### [Work task]
Lines below that hold the word "bool" must be copied in full.

### [Dataset records]

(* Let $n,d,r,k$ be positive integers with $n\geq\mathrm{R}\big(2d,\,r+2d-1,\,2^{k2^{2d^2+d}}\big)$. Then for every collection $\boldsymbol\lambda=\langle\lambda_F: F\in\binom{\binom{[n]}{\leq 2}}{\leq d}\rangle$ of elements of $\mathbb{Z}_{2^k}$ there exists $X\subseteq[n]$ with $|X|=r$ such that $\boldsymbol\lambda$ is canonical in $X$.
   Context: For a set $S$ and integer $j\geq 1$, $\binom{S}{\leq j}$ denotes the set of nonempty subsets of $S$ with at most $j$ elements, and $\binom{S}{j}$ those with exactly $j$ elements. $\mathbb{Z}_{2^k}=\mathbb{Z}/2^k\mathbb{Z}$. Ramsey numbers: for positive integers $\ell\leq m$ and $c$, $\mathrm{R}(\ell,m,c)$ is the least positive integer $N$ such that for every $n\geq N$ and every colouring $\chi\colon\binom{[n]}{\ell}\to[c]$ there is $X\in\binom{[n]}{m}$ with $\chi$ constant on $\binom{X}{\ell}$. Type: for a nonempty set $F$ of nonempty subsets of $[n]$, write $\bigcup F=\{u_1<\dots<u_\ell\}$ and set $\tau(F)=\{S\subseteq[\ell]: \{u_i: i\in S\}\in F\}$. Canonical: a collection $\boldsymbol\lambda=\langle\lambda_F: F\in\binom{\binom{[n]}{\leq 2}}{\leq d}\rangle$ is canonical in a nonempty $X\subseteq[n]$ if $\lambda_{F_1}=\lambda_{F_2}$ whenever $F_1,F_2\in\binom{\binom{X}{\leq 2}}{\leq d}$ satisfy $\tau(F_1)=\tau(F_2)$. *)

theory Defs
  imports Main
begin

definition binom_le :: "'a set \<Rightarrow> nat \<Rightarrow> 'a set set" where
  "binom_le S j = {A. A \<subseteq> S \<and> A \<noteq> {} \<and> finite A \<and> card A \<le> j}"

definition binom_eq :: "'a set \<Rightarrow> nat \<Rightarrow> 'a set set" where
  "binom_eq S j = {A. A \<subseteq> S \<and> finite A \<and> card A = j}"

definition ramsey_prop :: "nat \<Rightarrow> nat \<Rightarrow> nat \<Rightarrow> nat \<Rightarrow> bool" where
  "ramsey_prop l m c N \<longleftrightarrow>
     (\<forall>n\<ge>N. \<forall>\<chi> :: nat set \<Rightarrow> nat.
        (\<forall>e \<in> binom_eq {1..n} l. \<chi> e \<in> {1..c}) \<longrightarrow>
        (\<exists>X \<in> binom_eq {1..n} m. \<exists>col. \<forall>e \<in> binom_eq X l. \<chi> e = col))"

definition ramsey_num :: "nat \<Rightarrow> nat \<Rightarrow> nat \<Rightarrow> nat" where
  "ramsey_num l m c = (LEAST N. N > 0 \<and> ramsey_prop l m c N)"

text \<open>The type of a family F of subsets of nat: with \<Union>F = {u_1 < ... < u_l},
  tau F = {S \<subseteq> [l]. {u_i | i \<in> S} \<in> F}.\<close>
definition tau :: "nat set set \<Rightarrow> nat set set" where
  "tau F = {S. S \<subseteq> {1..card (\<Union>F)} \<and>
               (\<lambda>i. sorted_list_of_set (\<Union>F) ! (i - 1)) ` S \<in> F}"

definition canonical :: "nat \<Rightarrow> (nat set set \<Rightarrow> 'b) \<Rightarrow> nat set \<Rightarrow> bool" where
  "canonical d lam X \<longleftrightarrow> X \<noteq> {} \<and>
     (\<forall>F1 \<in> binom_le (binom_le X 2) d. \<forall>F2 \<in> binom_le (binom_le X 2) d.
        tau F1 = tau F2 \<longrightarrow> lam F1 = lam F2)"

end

### [Response box]
definition ramsey_prop :: "nat \<Rightarrow> nat \<Rightarrow> nat \<Rightarrow> nat \<Rightarrow> bool" where
definition canonical :: "nat \<Rightarrow> (nat set set \<Rightarrow> 'b) \<Rightarrow> nat set \<Rightarrow> bool" where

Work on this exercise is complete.